I hear what you are saying and I've always felt the same way, the stock WR450F forks feel "soft". I was bottoming them often.

I increased the compression damping on the stock valves and this was improved but they started to feel a bit harsh in the rest of the stroke.

I fitted a Gold Valve kit a few weeks ago and it seems to have improved things a lot.

I decided to check the race-sag, not because I have bottoming issues (they seem to be gone now, with nice action everywhere else after the Gold Valves), it's just that I want to set the bike up properly and have recently lost 10kg and I'm now 75kg.

Previously, during the bottoming issues, I had always assumed I would need heavier springs and was ready to turn up some preload spacers as an experiment before I spent money on springs.

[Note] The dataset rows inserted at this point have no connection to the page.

lemma pmf_polya_diff_pmf_1_le_succ:
  assumes "0 < p" "p < 1"
  shows "pmf (polya_diff_pmf 1 p) z \<le> 1 / p * pmf (polya_diff_pmf 1 p) (z + 1)"
proof -
  let ?G = "polya_pmf 1 p" and ?diff = "\<lambda>(a :: nat, b :: nat). int a - int b"
  have "map_pmf ?diff (pair_pmf (map_pmf Suc ?G) ?G) = map_pmf (\<lambda>v. v + 1) (polya_diff_pmf 1 p)"
    by (simp add: polya_diff_pmf_def pair_map_pmf1 pmf.map_comp o_def case_prod_unfold algebra_simps)
  moreover have "pmf (map_pmf (\<lambda>v. v + 1) (polya_diff_pmf 1 p)) (z + 1) = pmf (polya_diff_pmf 1 p) z"
    by (rule pmf_map_inj') (simp add: inj_def)
  ultimately have "pmf (polya_diff_pmf 1 p) z = pmf (map_pmf ?diff (pair_pmf (map_pmf Suc ?G) ?G)) (z + 1)"
    by simp
  also have "\<dots> \<le> 1 / p * pmf (map_pmf ?diff (pair_pmf ?G ?G)) (z + 1)"
  proof (rule pmf_map_pmf_le_mult)
    show "0 \<le> 1 / p"
      using assms by simp
    fix w :: "nat \<times> nat"
    show "pmf (pair_pmf (map_pmf Suc ?G) ?G) w \<le> 1 / p * pmf (pair_pmf ?G ?G) w"
      using mult_right_mono[OF pmf_map_Suc_polya_pmf_1_le[OF assms, of "fst w"] pmf_nonneg]
      by (cases w) (simp add: pmf_pair)
  qed
  finally show ?thesis
    by (simp add: polya_diff_pmf_def)
qed

lemma pmf_polya_diff_pmf_1_le_shift:
  assumes "0 < p" "p < 1" "\<bar>\<delta>\<bar> \<le> 1"
  shows "pmf (polya_diff_pmf 1 p) z \<le> 1 / p * pmf (polya_diff_pmf 1 p) (z + \<delta>)"
proof -
  consider "\<delta> = 0" | "\<delta> = 1" | "\<delta> = -1"
    using assms(3) by linarith
  then show ?thesis
  proof cases
    case 1
    have "1 \<le> 1 / p"
      using assms by simp
    from mult_right_mono[OF this pmf_nonneg] 1 show ?thesis
      by simp
  next
    case 2
    then show ?thesis
      using pmf_polya_diff_pmf_1_le_succ[OF assms(1,2)] by simp
  next
    case 3
    have "pmf (polya_diff_pmf 1 p) z = pmf (polya_diff_pmf 1 p) (- z)"
      by (simp add: pmf_polya_diff_pmf_uminus)
    also have "\<dots> \<le> 1 / p * pmf (polya_diff_pmf 1 p) (- z + 1)"
      by (rule pmf_polya_diff_pmf_1_le_succ[OF assms(1,2)])
    also have "- z + 1 = - (z + \<delta>)"
      using 3 by simp
    finally show ?thesis
      by (simp only: pmf_polya_diff_pmf_uminus)
  qed
qed

lemma map_pmf_sum_Pi_pmf_polya_diff:
  assumes "finite J" "B \<subseteq> J" "card B = P" "P \<ge> 1" "0 < p" "p < 1"
  shows "map_pmf (\<lambda>m. \<Sum>j\<in>J. int (fst (m j)) - int (snd (m j)))
           (Pi_pmf B (0, 0) (\<lambda>_. pair_pmf (polya_pmf (1 / real P) p) (polya_pmf (1 / real P) p)))
         = polya_diff_pmf 1 p"
proof -
  have fin_B: "finite B"
    using assms(2,1) by (rule finite_subset)
  have ne_B: "B \<noteq> {}"
    using assms(3,4) by auto
  let ?Q = "pair_pmf (polya_pmf (1 / real P) p) (polya_pmf (1 / real P) p)"
  have "Pi_pmf B 0 (\<lambda>_. polya_diff_pmf (1 / real P) p)
      = map_pmf (\<lambda>m. (\<lambda>(a, b). int a - int b) \<circ> m) (Pi_pmf B (0, 0) (\<lambda>_. ?Q))"
    unfolding polya_diff_pmf_def by (rule Pi_pmf_map[OF fin_B]) simp
  then have "map_pmf (\<lambda>m. \<Sum>j\<in>J. int (fst (m j)) - int (snd (m j))) (Pi_pmf B (0, 0) (\<lambda>_. ?Q))
      = map_pmf (\<lambda>m. \<Sum>j\<in>J. m j) (Pi_pmf B 0 (\<lambda>_. polya_diff_pmf (1 / real P) p))"
    by (simp add: pmf.map_comp o_def case_prod_unfold)
  also have "\<dots> = map_pmf (\<lambda>m. \<Sum>j\<in>B. m j) (Pi_pmf B 0 (\<lambda>_. polya_diff_pmf (1 / real P) p))"
  proof (rule map_pmf_cong[OF refl])
    fix m assume "m \<in> set_pmf (Pi_pmf B 0 (\<lambda>_. polya_diff_pmf (1 / real P) p))"
    then have "m j = 0" if "j \<notin> B" for j
      using set_Pi_pmf_subset[OF fin_B] that by fastforce
    then show "(\<Sum>j\<in>J. m j) = (\<Sum>j\<in>B. m j)"
      using assms(1,2) by (intro sum.mono_neutral_right) auto
  qed
  also have "\<dots> = polya_diff_pmf (real (card B) * (1 / real P)) p"
    using assms(4-6) fin_B ne_B
    by (intro map_pmf_sum_Pi_pmf_convolution_semigroup polya_diff_pmf_add) auto
  also have "real (card B) * (1 / real P) = 1"
    using assms(3,4) by simp
  finally show ?thesis .
qed

section \<open>The private response scheme\<close>

definition assigned_occurrences ::
  "'o set \<Rightarrow> nat \<Rightarrow> ('o \<Rightarrow> nat \<Rightarrow> bool) \<Rightarrow> (nat \<Rightarrow> 'c) \<Rightarrow> ('c \<Rightarrow> 'd \<Rightarrow> bool) \<Rightarrow> ('o \<Rightarrow> 'd)
   \<Rightarrow> nat \<Rightarrow> int" where
  "assigned_occurrences J n asg cand occurs d i =
     (if i < n then \<Sum>j\<in>J. if asg j i \<and> occurs (cand i) (d j) then 1 else 0 else 0)"

lemma assigned_occurrences_neighbour:
  fixes J :: "'o set" and d d' :: "'o \<Rightarrow> 'd"
  assumes "finite J" "j0 \<in> J" "\<forall>j. j \<noteq> j0 \<longrightarrow> d j = d' j"
  shows "\<bar>assigned_occurrences J n asg cand occurs d i - assigned_occurrences J n asg cand occurs d' i\<bar>
           \<le> (if asg j0 i then 1 else 0)"
proof -
  define t where "t e j = (if asg j i \<and> occurs (cand i) (e j) then 1 else (0::int))" for e :: "'o \<Rightarrow> 'd" and j
  have "(\<Sum>j\<in>J - {j0}. t d j) = (\<Sum>j\<in>J - {j0}. t d' j)"
    using assms(3) by (intro sum.cong) (auto simp: t_def)
  then have "assigned_occurrences J n asg cand occurs d i - assigned_occurrences J n asg cand occurs d' i
      = (if i < n then t d j0 - t d' j0 else 0)"
    using assms(1,2) by (simp add: assigned_occurrences_def sum.remove flip: t_def)
  then show ?thesis
    by (simp add: t_def)
qed

lemma scheme_output_eq_map_pmf_add_Pi_pmf:
  fixes J :: "'o set" and d :: "'o \<Rightarrow> 'd"
  assumes "\<epsilon> > 0" "K \<ge> 1" "P \<ge> 1" "finite J" "\<forall>i<n. card {j \<in> J. asg j i} = P"
  shows "scheme_output \<epsilon> K P J n asg cand occurs d
           = map_pmf (\<lambda>v i. assigned_occurrences J n asg cand occurs d i + v i)
               (Pi_pmf {..<n} 0 (\<lambda>_. polya_diff_pmf 1 (exp (- \<epsilon> / real K))))"
proof -
  define p where "p = exp (- \<epsilon> / real K)"
  have p: "0 < p" "p < 1"
    using assms(1,2) by (auto simp: p_def)
  define Q where "Q = pair_pmf (polya_pmf (1 / real P) p) (polya_pmf (1 / real P) p)"
  define B where "B i = {j \<in> J. asg j i}" for i
  define diffsum where "diffsum m = (\<Sum>j\<in>J. int (fst (m j)) - int (snd (m j)))" for m :: "'o \<Rightarrow> nat \<times> nat"
  define M where "M = Pi_pmf {..<n} (\<lambda>_. (0, 0)) (\<lambda>i. Pi_pmf (B i) (0, 0) (\<lambda>_. Q))"
  have fin_B: "finite (B i)" for i
    using assms(4) by (simp add: B_def)
  have "{(j, i). j \<in> J \<and> i < n \<and> asg j i} = {(j, i). i \<in> {..<n} \<and> j \<in> B i}"
    by (auto simp: B_def)
  then have owners: "Pi_pmf {(j, i). j \<in> J \<and> i < n \<and> asg j i} (0, 0) (\<lambda>_. Q) = map_pmf (\<lambda>h (j, i). h i j) M"
    using Pi_pmf_uncurry[of "{..<n}" B "(0, 0)" "\<lambda>_. Q"] fin_B by (simp add: M_def)
  have "map_pmf diffsum (Pi_pmf (B i) (0, 0) (\<lambda>_. Q)) = polya_diff_pmf 1 p" if "i < n" for i
    unfolding diffsum_def[abs_def] Q_def
    using assms(3-5) p that by (intro map_pmf_sum_Pi_pmf_polya_diff) (auto simp: B_def)
  then have "Pi_pmf {..<n} 0 (\<lambda>_. polya_diff_pmf 1 p) = Pi_pmf {..<n} 0 (\<lambda>i. map_pmf diffsum (Pi_pmf (B i) (0, 0) (\<lambda>_. Q)))"
    by (intro Pi_pmf_cong) auto
  also have "\<dots> = map_pmf (\<lambda>h. diffsum \<circ> h) M"
    unfolding M_def by (rule Pi_pmf_map) (simp_all add: diffsum_def)
  finally have noise: "Pi_pmf {..<n} 0 (\<lambda>_. polya_diff_pmf 1 p) = map_pmf (\<lambda>h. diffsum \<circ> h) M" .
  have support: "h i j = (0, 0)" if "h \<in> set_pmf M" "\<not> (i < n \<and> asg j i)" for h i j
    using set_pmf_Pi_pmf_Pi_pmf_outside[of "{..<n}" B h] that fin_B by (auto simp: M_def B_def)
  show ?thesis
    unfolding scheme_output_def p_def[symmetric] Q_def[symmetric] owners noise pmf.map_comp
  proof (rule map_pmf_cong[OF refl], rule ext)
    fix h i assume h: "h \<in> set_pmf M"
    have "(\<Sum>j\<in>J. if asg j i then (if occurs (cand i) (d j) then 1 else 0)
                 + int (fst (h i j)) - int (snd (h i j)) else 0)
        = (\<Sum>j\<in>J. if asg j i \<and> occurs (cand i) (d j) then 1 else 0) + diffsum (h i)"
      if "i < n"
      unfolding diffsum_def sum.distrib[symmetric] using support[OF h] that by (intro sum.cong) auto
    moreover have "diffsum (h i) = 0" if "\<not> i < n"
      unfolding diffsum_def using support[OF h] that by simp
    ultimately show "((\<lambda>N i. if i < n then \<Sum>j\<in>J. if asg j i then (if occurs (cand i) (d j) then 1 else 0)
                 + int (fst (N (j, i))) - int (snd (N (j, i))) else 0 else 0) \<circ> (\<lambda>h (j, i). h i j)) h i
        = ((\<lambda>v i. assigned_occurrences J n asg cand occurs d i + v i) \<circ> (\<lambda>h. diffsum \<circ> h)) h i"
      by (simp add: assigned_occurrences_def cong: if_cong)
  qed
qed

I did the sag measurements "by the book" (ie. the way the experts recommend).

The back end was easy, nailed it.

I was only able to achieve 93-94mm from the front.

I even went to the extent of (many may not have heard of this method, it comes from roadrace setup) taking two measurements (with me sitting on the bike and a friend dowing the pushing/lifting under load) and averaging the two to eliminate stinction factors:

1. Lift up and drop the front end, measuring when it settles.

2. Push down and let it spring back up, measuring when it settles.

Even when pushing down on the low point of the seat (very un-scientific, but simply to get a "feel" for it) the rear sags visibly more than the front.

Once again, I know everyone thinks the 450F forks are under-sprung, me included (until now).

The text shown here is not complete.